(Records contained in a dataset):
==================================================
lemma egf_fibre_sum_nat:
  assumes "finite K"
  shows "(\<Sum>m. ennreal (1 / fact m) * fibre_sum_nat g K m) = (\<Prod>j\<in>K. \<Sum>m. ennreal (1 / fact m) * g j m)"
  using assms
proof (induction K rule: finite_induct)
  case empty
  have "(\<Sum>m. ennreal (1 / fact m) * fibre_sum_nat g {} m) = (\<Sum>m<1. ennreal (1 / fact m) * fibre_sum_nat g {} m)"
    by (rule suminf_finite) (auto simp: fibre_sum_nat_empty)
  then show ?case by (simp add: fibre_sum_nat_empty)
next
  case (insert j0 K)
  have "(\<Sum>m. ennreal (1 / fact m) * fibre_sum_nat g (insert j0 K) m)
      = (\<Sum>b. ennreal (1 / fact b) * g j0 b) * (\<Sum>d. ennreal (1 / fact d) * fibre_sum_nat g K d)"
    unfolding inverse_fact_mult_fibre_sum_nat_insert[OF insert(2,1)] by (rule Cauchy_product_ennreal[symmetric])
  then show ?case using insert by simp
qed

lemma bij_betw_PiE_postcompose:
  assumes bij: "bij_betw h K C"
  shows "bij_betw (\<lambda>\<pi>'. \<lambda>i\<in>S. h (\<pi>' i)) (S \<rightarrow>\<^sub>E K) (S \<rightarrow>\<^sub>E C)"
proof -
  define \<tau> where "\<tau> = the_inv_into K h"
  have t1: "\<tau> i \<in> K" "h (\<tau> i) = i" if "i \<in> C" for i
    using that bij unfolding \<tau>_def bij_betw_def
    by (auto intro: the_inv_into_into f_the_inv_into_f)
  have t2: "\<tau> (h i) = i" "h i \<in> C" if "i \<in> K" for i
    using that bij unfolding \<tau>_def bij_betw_def by (auto intro: the_inv_into_f_f)
  show ?thesis
  proof (rule bij_betwI[where g = "\<lambda>\<pi>. \<lambda>i\<in>S. \<tau> (\<pi> i)"])
    show "(\<lambda>\<pi>'. \<lambda>i\<in>S. h (\<pi>' i)) \<in> (S \<rightarrow>\<^sub>E K) \<rightarrow> (S \<rightarrow>\<^sub>E C)" using t2 by (auto simp: PiE_iff)
    show "(\<lambda>\<pi>. \<lambda>i\<in>S. \<tau> (\<pi> i)) \<in> (S \<rightarrow>\<^sub>E C) \<rightarrow> (S \<rightarrow>\<^sub>E K)" using t1 by (auto simp: PiE_iff)
    show "(\<lambda>i\<in>S. \<tau> ((\<lambda>i\<in>S. h (\<pi> i)) i)) = \<pi>" if "\<pi> \<in> S \<rightarrow>\<^sub>E K" for \<pi>
    proof
      fix i show "(\<lambda>i\<in>S. \<tau> ((\<lambda>i\<in>S. h (\<pi> i)) i)) i = \<pi> i"
        using that t2 by (cases "i \<in> S") (auto simp: PiE_def extensional_def)
    qed
    show "(\<lambda>i\<in>S. h ((\<lambda>i\<in>S. \<tau> (\<pi> i)) i)) = \<pi>" if "\<pi> \<in> S \<rightarrow>\<^sub>E C" for \<pi>
    proof
      fix i show "(\<lambda>i\<in>S. h ((\<lambda>i\<in>S. \<tau> (\<pi> i)) i)) i = \<pi> i"
        using that t1 by (cases "i \<in> S") (auto simp: PiE_def extensional_def)
    qed
  qed
qed

definition enumerations :: "nat \<Rightarrow> nat set \<Rightarrow> (nat \<Rightarrow> nat) set" where
  "enumerations k C = {h \<in> {1..k} \<rightarrow>\<^sub>E C. inj_on h {1..k}}"

lemma enumerations_bij_betw: "h \<in> enumerations k C \<Longrightarrow> finite C \<Longrightarrow> card C = k \<Longrightarrow> bij_betw h {1..k} C"
proof -
  assume h: "h \<in> enumerations k C" and finC: "finite C" and cC: "card C = k"
  have inj: "inj_on h {1..k}" and sub: "h ` {1..k} \<subseteq> C" using h by (auto simp: enumerations_def)
  have "card (h ` {1..k}) = card C" using card_image[OF inj] cC by simp
  then have "h ` {1..k} = C" using card_subset_eq[OF finC sub] by simp
  then show ?thesis using inj by (simp add: bij_betw_def)
qed

lemma card_enumerations: "finite C \<Longrightarrow> card C = k \<Longrightarrow> card (enumerations k C) = fact k"
  unfolding enumerations_def
  using card_inj_on_subset_funcset[of "{1..k}" C "{1..k}"] fact_prod_rev[of k, where 'a=nat]
  by simp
==================================================
(PROBLEM TO SOLVE): So that nothing is lost, write out each record exactly as it appears above.

(SOLVED EXERCISE):
lemma egf_fibre_sum_nat:
  assumes "finite K"
  shows "(\<Sum>m. ennreal (1 / fact m) * fibre_sum_nat g K m) = (\<Prod>j\<in>K. \<Sum>m. ennreal (1 / fact m) * g j m)"
  using assms
proof (induction K rule: finite_induct)
  case empty
  have "(\<Sum>m. ennreal (1 / fact m) * fibre_sum_nat g {} m) = (\<Sum>m<1. ennreal (1 / fact m) * fibre_sum_nat g {} m)"
    by (rule suminf_finite) (auto simp: fibre_sum_nat_empty)
  then show ?case by (simp add: fibre_sum_nat_empty)
next
  case (insert j0 K)
  have "(\<Sum>m. ennreal (1 / fact m) * fibre_sum_nat g (insert j0 K) m)
      = (\<Sum>b. ennreal (1 / fact b) * g j0 b) * (\<Sum>d. ennreal (1 / fact d) * fibre_sum_nat g K d)"
    unfolding inverse_fact_mult_fibre_sum_nat_insert[OF insert(2,1)] by (rule Cauchy_product_ennreal[symmetric])
  then show ?case using insert by simp
qed

lemma bij_betw_PiE_postcompose:
  assumes bij: "bij_betw h K C"
  shows "bij_betw (\<lambda>\<pi>'. \<lambda>i\<in>S. h (\<pi>' i)) (S \<rightarrow>\<^sub>E K) (S \<rightarrow>\<^sub>E C)"
proof -
  define \<tau> where "\<tau> = the_inv_into K h"
  have t1: "\<tau> i \<in> K" "h (\<tau> i) = i" if "i \<in> C" for i
    using that bij unfolding \<tau>_def bij_betw_def
    by (auto intro: the_inv_into_into f_the_inv_into_f)
  have t2: "\<tau> (h i) = i" "h i \<in> C" if "i \<in> K" for i
    using that bij unfolding \<tau>_def bij_betw_def by (auto intro: the_inv_into_f_f)
  show ?thesis
  proof (rule bij_betwI[where g = "\<lambda>\<pi>. \<lambda>i\<in>S. \<tau> (\<pi> i)"])
    show "(\<lambda>\<pi>'. \<lambda>i\<in>S. h (\<pi>' i)) \<in> (S \<rightarrow>\<^sub>E K) \<rightarrow> (S \<rightarrow>\<^sub>E C)" using t2 by (auto simp: PiE_iff)
    show "(\<lambda>\<pi>. \<lambda>i\<in>S. \<tau> (\<pi> i)) \<in> (S \<rightarrow>\<^sub>E C) \<rightarrow> (S \<rightarrow>\<^sub>E K)" using t1 by (auto simp: PiE_iff)
    show "(\<lambda>i\<in>S. \<tau> ((\<lambda>i\<in>S. h (\<pi> i)) i)) = \<pi>" if "\<pi> \<in> S \<rightarrow>\<^sub>E K" for \<pi>
    proof
      fix i show "(\<lambda>i\<in>S. \<tau> ((\<lambda>i\<in>S. h (\<pi> i)) i)) i = \<pi> i"
        using that t2 by (cases "i \<in> S") (auto simp: PiE_def extensional_def)
    qed
    show "(\<lambda>i\<in>S. h ((\<lambda>i\<in>S. \<tau> (\<pi> i)) i)) = \<pi>" if "\<pi> \<in> S \<rightarrow>\<^sub>E C" for \<pi>
    proof
      fix i show "(\<lambda>i\<in>S. h ((\<lambda>i\<in>S. \<tau> (\<pi> i)) i)) i = \<pi> i"
        using that t1 by (cases "i \<in> S") (auto simp: PiE_def extensional_def)
    qed
  qed
qed

definition enumerations :: "nat \<Rightarrow> nat set \<Rightarrow> (nat \<Rightarrow> nat) set" where
  "enumerations k C = {h \<in> {1..k} \<rightarrow>\<^sub>E C. inj_on h {1..k}}"

lemma enumerations_bij_betw: "h \<in> enumerations k C \<Longrightarrow> finite C \<Longrightarrow> card C = k \<Longrightarrow> bij_betw h {1..k} C"
proof -
  assume h: "h \<in> enumerations k C" and finC: "finite C" and cC: "card C = k"
  have inj: "inj_on h {1..k}" and sub: "h ` {1..k} \<subseteq> C" using h by (auto simp: enumerations_def)
  have "card (h ` {1..k}) = card C" using card_image[OF inj] cC by simp
  then have "h ` {1..k} = C" using card_subset_eq[OF finC sub] by simp
  then show ?thesis using inj by (simp add: bij_betw_def)
qed

lemma card_enumerations: "finite C \<Longrightarrow> card C = k \<Longrightarrow> card (enumerations k C) = fact k"
  unfolding enumerations_def
  using card_inj_on_subset_funcset[of "{1..k}" C "{1..k}"] fact_prod_rev[of k, where 'a=nat]
  by simp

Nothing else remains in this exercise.